Wiz CEO Rappaport in previous interviews has called 8200 "the best school of entrepreneurship." A Wiz representative declined requests for interviews with Rappaport and his co-founders.
Cyberstarts' Raanan first met Rappaport in 2012. Rappaport had left 8200 and was starting a California-based cybersecurity company, Adallom. Then an Israel-based partner at Sequoia, Raanan heard about Rappaport's plans and gave him a call.
Rappaport rejected his offer to meet, telling Raanan that venture capitalists liked to push founders out of their own businesses, the investor recalled.

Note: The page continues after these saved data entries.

(* Let $(X,\nu_X)$ and $(Y,\nu_Y)$ be centered spaces with $\operatorname{card} Y\ge 2$, and fix $x\in X$. Let $C_x(X,Y)$ be the set of functions $X\to Y$ that are centered at $x$, and define the relation $\hat x$ on $C_x(X,Y)$ by: $f\,\hat x\,g$ if and only if there is $N\in\nu_X(x)$ with $N\subseteq\{z\in X\mid f(z)=g(z)\}$. Then $\nu_X(x)$ is a filterbase on $X$ if and only if $\hat x$ is a nontrivial equivalence relation on $C_x(X,Y)$.
   Context: A centered structure on a set $X$ assigns to each point $x\in X$ a collection $\nu(x)$ of subsets of $X$ such that $x\in N$ for every $N\in\nu(x)$; a set with a centered structure is a centered space. For collections $\mathcal P,\mathcal Q$ of subsets of a set, write $\mathcal P\preceq\mathcal Q$ if for every $Q\in\mathcal Q$ there is $P\in\mathcal P$ with $P\subseteq Q$. A function $f\colon X\to Y$ between centered spaces $(X,\nu_X)$, $(Y,\nu_Y)$ is centered at $x\in X$ if $\{f(N)\mid N\in\nu_X(x)\}\preceq\nu_Y(f(x))$, i.e. for each $M\in\nu_Y(f(x))$ there is $N\in\nu_X(x)$ with $f(N)\subseteq M$. A nonempty collection $\mathcal P$ of subsets of $X$ is a filterbase on $X$ if (F0) every finite intersection $A_1\cap\cdots\cap A_n$ ($n\ge1$) of members of $\mathcal P$ is nonempty and (F2) for all $A,B\in\mathcal P$ there is $C\in\mathcal P$ with $C\subseteq A\cap B$. An equivalence relation on a set $S$ is nontrivial if it is not the total relation $S\times S$. *)

theory Defs
  imports Main
begin

definition centered_structure :: "'a set \<Rightarrow> ('a \<Rightarrow> 'a set set) \<Rightarrow> bool" where
  "centered_structure X \<nu> \<longleftrightarrow> (\<forall>x\<in>X. \<forall>N\<in>\<nu> x. N \<subseteq> X \<and> x \<in> N)"

definition coll_le :: "'a set set \<Rightarrow> 'a set set \<Rightarrow> bool" where
  "coll_le P Q \<longleftrightarrow> (\<forall>Q'\<in>Q. \<exists>P'\<in>P. P' \<subseteq> Q')"

definition centered_at :: "('a \<Rightarrow> 'a set set) \<Rightarrow> ('b \<Rightarrow> 'b set set) \<Rightarrow> ('a \<Rightarrow> 'b) \<Rightarrow> 'a \<Rightarrow> bool" where
  "centered_at \<nu>X \<nu>Y f x \<longleftrightarrow> coll_le ((\<lambda>N. f ` N) ` \<nu>X x) (\<nu>Y (f x))"

definition filterbase_on :: "'a set \<Rightarrow> 'a set set \<Rightarrow> bool" where
  "filterbase_on X P \<longleftrightarrow> P \<noteq> {} \<and> (\<forall>A\<in>P. A \<subseteq> X)
     \<and> (\<forall>F. finite F \<and> F \<noteq> {} \<and> F \<subseteq> P \<longrightarrow> \<Inter>F \<noteq> {})
     \<and> (\<forall>A\<in>P. \<forall>B\<in>P. \<exists>C\<in>P. C \<subseteq> A \<inter> B)"

definition centered_funs :: "'a set \<Rightarrow> ('a \<Rightarrow> 'a set set) \<Rightarrow> 'b set \<Rightarrow> ('b \<Rightarrow> 'b set set) \<Rightarrow> 'a \<Rightarrow> ('a \<Rightarrow> 'b) set" where
  "centered_funs X \<nu>X Y \<nu>Y x =
     {f. (\<forall>z\<in>X. f z \<in> Y) \<and> (\<forall>z. z \<notin> X \<longrightarrow> f z = undefined) \<and> centered_at \<nu>X \<nu>Y f x}"

definition xhat_rel :: "'a set \<Rightarrow> ('a \<Rightarrow> 'a set set) \<Rightarrow> 'b set \<Rightarrow> ('b \<Rightarrow> 'b set set) \<Rightarrow> 'a \<Rightarrow> (('a \<Rightarrow> 'b) \<times> ('a \<Rightarrow> 'b)) set" where
  "xhat_rel X \<nu>X Y \<nu>Y x =
     {(f, g). f \<in> centered_funs X \<nu>X Y \<nu>Y x \<and> g \<in> centered_funs X \<nu>X Y \<nu>Y x
        \<and> (\<exists>N\<in>\<nu>X x. N \<subseteq> {z\<in>X. f z = g z})}"

definition nontrivial_equiv :: "'c set \<Rightarrow> ('c \<times> 'c) set \<Rightarrow> bool" where
  "nontrivial_equiv S r \<longleftrightarrow> equiv S r \<and> r \<noteq> S \<times> S"

end

theory Submission
  imports Defs
begin

text \<open>Condition (F0) is automatic because every member of \<open>\<nu>X x\<close> contains \<open>x\<close>; the relation
  is always symmetric, reflexive as soon as \<open>\<nu>X x \<noteq> {}\<close>, and transitive under (F2).
  For the converse, consider step functions equal to \<open>y1\<close> on a set \<open>S\<close> and to \<open>y2\<close> off it: such
  a function is centered at \<open>x\<close> once \<open>S\<close> contains a member of \<open>\<nu>X x\<close>, and two of them are
  related iff their sets agree on a member of \<open>\<nu>X x\<close>. Swapping \<open>y1\<close> and \<open>y2\<close> gives an unrelated
  pair, and applying transitivity twice, first to \<open>A\<close> and \<open>B\<close>, then to their agreement set and
  \<open>A \<union> B\<close>, gives a member of \<open>\<nu>X x\<close> inside \<open>A \<inter> B\<close>.\<close>

lemma centered_structureD:
  assumes "centered_structure X \<nu>" and "x \<in> X" and "N \<in> \<nu> x"
  shows "N \<subseteq> X" and "x \<in> N"
  using assms unfolding centered_structure_def by auto

lemma filterbase_on_centered_iff:
  assumes "centered_structure X \<nu>" and "x \<in> X"
  shows "filterbase_on X (\<nu> x) \<longleftrightarrow>
         \<nu> x \<noteq> {} \<and> (\<forall>A\<in>\<nu> x. \<forall>B\<in>\<nu> x. \<exists>C\<in>\<nu> x. C \<subseteq> A \<inter> B)"
proof -
  have "x \<in> \<Inter>F" if "F \<subseteq> \<nu> x" for F
    using that centered_structureD(2)[OF assms] by blast
  then show ?thesis
    using centered_structureD(1)[OF assms] unfolding filterbase_on_def by blast
qed

definition step_fun :: "'a set \<Rightarrow> 'a set \<Rightarrow> 'b \<Rightarrow> 'b \<Rightarrow> 'a \<Rightarrow> 'b" where
  "step_fun X S y1 y2 = (\<lambda>z. if z \<in> X then if z \<in> S then y1 else y2 else undefined)"

lemma step_fun_in_centered_funs:
  assumes cX: "centered_structure X \<nu>X" and cY: "centered_structure Y \<nu>Y"
    and "y1 \<in> Y" and "y2 \<in> Y" and xX: "x \<in> X"
    and N: "N \<in> \<nu>X x" "N \<subseteq> S"
  shows "step_fun X S y1 y2 \<in> centered_funs X \<nu>X Y \<nu>Y x"
proof -
  have "N \<subseteq> X" "x \<in> N" using centered_structureD[OF cX xX N(1)] by auto
  then have value_at_x: "step_fun X S y1 y2 x = y1"
    and image_N: "step_fun X S y1 y2 ` N = {y1}"
    using N(2) by (auto simp: step_fun_def)
  have "\<exists>P\<in>(\<lambda>N. step_fun X S y1 y2 ` N) ` \<nu>X x. P \<subseteq> M" if "M \<in> \<nu>Y y1" for M
  proof
    show "step_fun X S y1 y2 ` N \<in> (\<lambda>N. step_fun X S y1 y2 ` N) ` \<nu>X x"
      using N(1) by (rule imageI)
    show "step_fun X S y1 y2 ` N \<subseteq> M"
      using image_N centered_structureD(2)[OF cY \<open>y1 \<in> Y\<close> that] by simp
  qed
  then have "centered_at \<nu>X \<nu>Y (step_fun X S y1 y2) x"
    unfolding centered_at_def coll_le_def value_at_x by blast
  moreover have "\<forall>z\<in>X. step_fun X S y1 y2 z \<in> Y"
    and "\<forall>z. z \<notin> X \<longrightarrow> step_fun X S y1 y2 z = undefined"
    using \<open>y1 \<in> Y\<close> \<open>y2 \<in> Y\<close> by (simp_all add: step_fun_def)
  ultimately show ?thesis
    unfolding centered_funs_def by blast
qed

lemma mem_xhat_rel_iff:
  "(f, g) \<in> xhat_rel X \<nu>X Y \<nu>Y x \<longleftrightarrow>
     f \<in> centered_funs X \<nu>X Y \<nu>Y x \<and> g \<in> centered_funs X \<nu>X Y \<nu>Y x
     \<and> (\<exists>N\<in>\<nu>X x. N \<subseteq> {z\<in>X. f z = g z})"
  unfolding xhat_rel_def by simp

lemma xhat_rel_subset: "xhat_rel X \<nu>X Y \<nu>Y x \<subseteq> centered_funs X \<nu>X Y \<nu>Y x \<times> centered_funs X \<nu>X Y \<nu>Y x"
  unfolding xhat_rel_def by auto

lemma sym_xhat_rel: "sym (xhat_rel X \<nu>X Y \<nu>Y x)"
  unfolding xhat_rel_def by (rule symI) (auto simp: eq_commute)

lemma refl_on_xhat_rel:
  assumes "centered_structure X \<nu>X" and "x \<in> X" and "\<nu>X x \<noteq> {}"
  shows "refl_on (centered_funs X \<nu>X Y \<nu>Y x) (xhat_rel X \<nu>X Y \<nu>Y x)"
proof -
  obtain N where "N \<in> \<nu>X x" using assms(3) by blast
  then show ?thesis
    using centered_structureD(1)[OF assms(1,2)] unfolding refl_on_def mem_xhat_rel_iff by blast
qed

lemma trans_xhat_rel:
  assumes "\<forall>A\<in>\<nu>X x. \<forall>B\<in>\<nu>X x. \<exists>C\<in>\<nu>X x. C \<subseteq> A \<inter> B"
  shows "trans (xhat_rel X \<nu>X Y \<nu>Y x)"
proof (rule transI)
  fix f g h
  assume "(f, g) \<in> xhat_rel X \<nu>X Y \<nu>Y x" and "(g, h) \<in> xhat_rel X \<nu>X Y \<nu>Y x"
  then obtain N1 N2 where "N1 \<in> \<nu>X x" "N1 \<subseteq> {z\<in>X. f z = g z}"
      and "N2 \<in> \<nu>X x" "N2 \<subseteq> {z\<in>X. g z = h z}"
      and fh: "f \<in> centered_funs X \<nu>X Y \<nu>Y x" "h \<in> centered_funs X \<nu>X Y \<nu>Y x"
    unfolding mem_xhat_rel_iff by blast
  moreover obtain D where "D \<in> \<nu>X x" "D \<subseteq> N1 \<inter> N2"
    using assms \<open>N1 \<in> \<nu>X x\<close> \<open>N2 \<in> \<nu>X x\<close> by blast
  ultimately have "\<forall>z\<in>D. z \<in> X \<and> f z = g z \<and> g z = h z" by blast
  then have "D \<subseteq> {z\<in>X. f z = h z}" by auto
  then show "(f, h) \<in> xhat_rel X \<nu>X Y \<nu>Y x"
    unfolding mem_xhat_rel_iff using fh \<open>D \<in> \<nu>X x\<close> by blast
qed

lemma xhat_rel_nontrivial:
  assumes cX: "centered_structure X \<nu>X" and cY: "centered_structure Y \<nu>Y"
    and y: "y1 \<in> Y" "y2 \<in> Y" "y1 \<noteq> y2" and xX: "x \<in> X" and "\<nu>X x \<noteq> {}"
  shows "xhat_rel X \<nu>X Y \<nu>Y x \<noteq> centered_funs X \<nu>X Y \<nu>Y x \<times> centered_funs X \<nu>X Y \<nu>Y x"
proof
  obtain N where N: "N \<in> \<nu>X x" using assms(7) by blast
  note N_sub = centered_structureD[OF cX xX N]
  assume "xhat_rel X \<nu>X Y \<nu>Y x = centered_funs X \<nu>X Y \<nu>Y x \<times> centered_funs X \<nu>X Y \<nu>Y x"
  moreover have "step_fun X X y1 y2 \<in> centered_funs X \<nu>X Y \<nu>Y x"
    and "step_fun X X y2 y1 \<in> centered_funs X \<nu>X Y \<nu>Y x"
    using step_fun_in_centered_funs[OF cX cY _ _ xX N] N_sub y by auto
  ultimately obtain M where "M \<in> \<nu>X x" "M \<subseteq> {z\<in>X. step_fun X X y1 y2 z = step_fun X X y2 y1 z}"
    unfolding xhat_rel_def by blast
  then have "step_fun X X y1 y2 x = step_fun X X y2 y1 x"
    using centered_structureD(2)[OF cX xX] xX by blast
  then show False using xX y(3) by (simp add: step_fun_def)
qed

lemma equiv_xhat_rel_nonempty:
  assumes "equiv (centered_funs X \<nu>X Y \<nu>Y x) (xhat_rel X \<nu>X Y \<nu>Y x)"
    and "xhat_rel X \<nu>X Y \<nu>Y x \<noteq> centered_funs X \<nu>X Y \<nu>Y x \<times> centered_funs X \<nu>X Y \<nu>Y x"
  shows "\<nu>X x \<noteq> {}"
proof
  assume "\<nu>X x = {}"
  then have "xhat_rel X \<nu>X Y \<nu>Y x = {}" unfolding xhat_rel_def by auto
  with assms show False unfolding equiv_def refl_on_def by auto
qed

lemma step_funs_xhat_rel_iff:
  assumes cX: "centered_structure X \<nu>X" and cY: "centered_structure Y \<nu>Y"
    and y: "y1 \<in> Y" "y2 \<in> Y" "y1 \<noteq> y2" and xX: "x \<in> X"
    and S: "N \<in> \<nu>X x" "N \<subseteq> S" and T: "M \<in> \<nu>X x" "M \<subseteq> T"
  shows "(step_fun X S y1 y2, step_fun X T y1 y2) \<in> xhat_rel X \<nu>X Y \<nu>Y x \<longleftrightarrow>
         (\<exists>D\<in>\<nu>X x. D \<subseteq> {z\<in>X. z \<in> S \<longleftrightarrow> z \<in> T})"
proof -
  have agree_set: "{z\<in>X. step_fun X S y1 y2 z = step_fun X T y1 y2 z} = {z\<in>X. z \<in> S \<longleftrightarrow> z \<in> T}"
    using y(3) by (auto simp: step_fun_def)
  have "step_fun X S y1 y2 \<in> centered_funs X \<nu>X Y \<nu>Y x"
    and "step_fun X T y1 y2 \<in> centered_funs X \<nu>X Y \<nu>Y x"
    by (rule step_fun_in_centered_funs[OF cX cY y(1,2) xX S],
        rule step_fun_in_centered_funs[OF cX cY y(1,2) xX T])
  then show ?thesis
    unfolding mem_xhat_rel_iff agree_set by simp
qed

lemma trans_xhat_rel_step_funs_agree:
  assumes cX: "centered_structure X \<nu>X" and cY: "centered_structure Y \<nu>Y"
    and y: "y1 \<in> Y" "y2 \<in> Y" "y1 \<noteq> y2" and xX: "x \<in> X"
    and trans: "trans (xhat_rel X \<nu>X Y \<nu>Y x)"
    and S: "N \<in> \<nu>X x" "N \<subseteq> S" and T: "M \<in> \<nu>X x" "M \<subseteq> T"
  shows "\<exists>D\<in>\<nu>X x. D \<subseteq> {z\<in>X. z \<in> S \<longleftrightarrow> z \<in> T}"
proof -
  note related_iff = step_funs_xhat_rel_iff[OF cX cY y xX]
  have NX: "N \<subseteq> X" and MX: "M \<subseteq> X" using centered_structureD(1)[OF cX xX] S(1) T(1) by auto
  have "(step_fun X S y1 y2, step_fun X X y1 y2) \<in> xhat_rel X \<nu>X Y \<nu>Y x"
    unfolding related_iff[OF S S(1) NX] using S NX by blast
  moreover have "(step_fun X X y1 y2, step_fun X T y1 y2) \<in> xhat_rel X \<nu>X Y \<nu>Y x"
    unfolding related_iff[OF T(1) MX T] using T MX by blast
  ultimately have "(step_fun X S y1 y2, step_fun X T y1 y2) \<in> xhat_rel X \<nu>X Y \<nu>Y x"
    by (rule transD[OF trans])
  then show ?thesis unfolding related_iff[OF S T] .
qed

lemma trans_xhat_rel_imp_inter:
  assumes cX: "centered_structure X \<nu>X" and cY: "centered_structure Y \<nu>Y"
    and y: "y1 \<in> Y" "y2 \<in> Y" "y1 \<noteq> y2" and xX: "x \<in> X"
    and trans: "trans (xhat_rel X \<nu>X Y \<nu>Y x)"
    and A: "A \<in> \<nu>X x" and B: "B \<in> \<nu>X x"
  shows "\<exists>D\<in>\<nu>X x. D \<subseteq> A \<inter> B"
proof -
  note agree = trans_xhat_rel_step_funs_agree[OF cX cY y xX trans]
  define E where "E = {z\<in>X. z \<in> A \<longleftrightarrow> z \<in> B}"
  obtain N where "N \<in> \<nu>X x" "N \<subseteq> E"
    using agree[OF A order_refl B order_refl] unfolding E_def by blast
  then obtain D where "D \<in> \<nu>X x" "D \<subseteq> {z\<in>X. z \<in> E \<longleftrightarrow> z \<in> A \<union> B}"
    using agree[of N E A "A \<union> B"] A by blast
  moreover have "{z\<in>X. z \<in> E \<longleftrightarrow> z \<in> A \<union> B} \<subseteq> A \<inter> B"
    unfolding E_def by blast
  ultimately show ?thesis by blast
qed

theorem mainTheorem3:
  fixes X :: "'a set" and Y :: "'b set"
    and \<nu>X :: "'a \<Rightarrow> 'a set set" and \<nu>Y :: "'b \<Rightarrow> 'b set set" and x :: 'a
  assumes "centered_structure X \<nu>X" and "centered_structure Y \<nu>Y"
    and "\<exists>y1\<in>Y. \<exists>y2\<in>Y. y1 \<noteq> y2"
    and "x \<in> X"
  shows "filterbase_on X (\<nu>X x) \<longleftrightarrow>
         nontrivial_equiv (centered_funs X \<nu>X Y \<nu>Y x) (xhat_rel X \<nu>X Y \<nu>Y x)"
proof -
  let ?C = "centered_funs X \<nu>X Y \<nu>Y x" and ?R = "xhat_rel X \<nu>X Y \<nu>Y x"
  obtain y1 y2 where y: "y1 \<in> Y" "y2 \<in> Y" "y1 \<noteq> y2" using assms(3) by blast
  show ?thesis
    unfolding filterbase_on_centered_iff[OF assms(1,4)]
  proof
    assume "\<nu>X x \<noteq> {} \<and> (\<forall>A\<in>\<nu>X x. \<forall>B\<in>\<nu>X x. \<exists>C\<in>\<nu>X x. C \<subseteq> A \<inter> B)"
    then have ne: "\<nu>X x \<noteq> {}"
      and F2: "\<forall>A\<in>\<nu>X x. \<forall>B\<in>\<nu>X x. \<exists>C\<in>\<nu>X x. C \<subseteq> A \<inter> B" by blast+
    have "equiv ?C ?R"
      by (rule equivI[OF xhat_rel_subset refl_on_xhat_rel[OF assms(1,4) ne]
            sym_xhat_rel trans_xhat_rel[of \<nu>X x, OF F2]])
    with xhat_rel_nontrivial[OF assms(1,2) y assms(4) ne] show "nontrivial_equiv ?C ?R"
      unfolding nontrivial_equiv_def by blast
  next
    assume "nontrivial_equiv ?C ?R"
    then have eq: "equiv ?C ?R" and nt: "?R \<noteq> ?C \<times> ?C"
      unfolding nontrivial_equiv_def by blast+
    from eq have "trans ?R" by (rule equivE)
    show "\<nu>X x \<noteq> {} \<and> (\<forall>A\<in>\<nu>X x. \<forall>B\<in>\<nu>X x. \<exists>C\<in>\<nu>X x. C \<subseteq> A \<inter> B)"
      using equiv_xhat_rel_nonempty[OF eq nt]
        trans_xhat_rel_imp_inter[OF assms(1,2) y assms(4) \<open>trans ?R\<close>] by blast
  qed
qed

end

Raanan eventually convinced Rappaport to take his money after pitching the CEO's co-founders at Sequoia's offices on the outskirts of Tel Aviv. Less than three years later, Rappaport sold Adallom to Microsoft for $320 million. Sequoia and other early investors made a decent return.
After Rappaport and his co-founders left Microsoft in 2020, they turned to Cyberstarts again to fund their next business, even though they weren't sure what it would be.
Wiz eventually settled on making a software product that allows security teams to continuously scan their files for cybersecurity vulnerabilities in the cloud. Rappaport set up head-quarters in New York, with a satellite office in Tel Aviv.
The Israeli tech scene has reached enough critical mass that Israel's popular TV comedy series "Eretz Nehederet" mocked it. A 2021 sketch featured a long-haired character named Nadir Hackerman, founder of the fictional company Webos. In the sketch, he walks barefoot around the open-floor-plan office, replete with a ball-pit and videogames.
A LinkedIn profile for the character said he completed his military service at the age of 12 in a "secret super duper unit."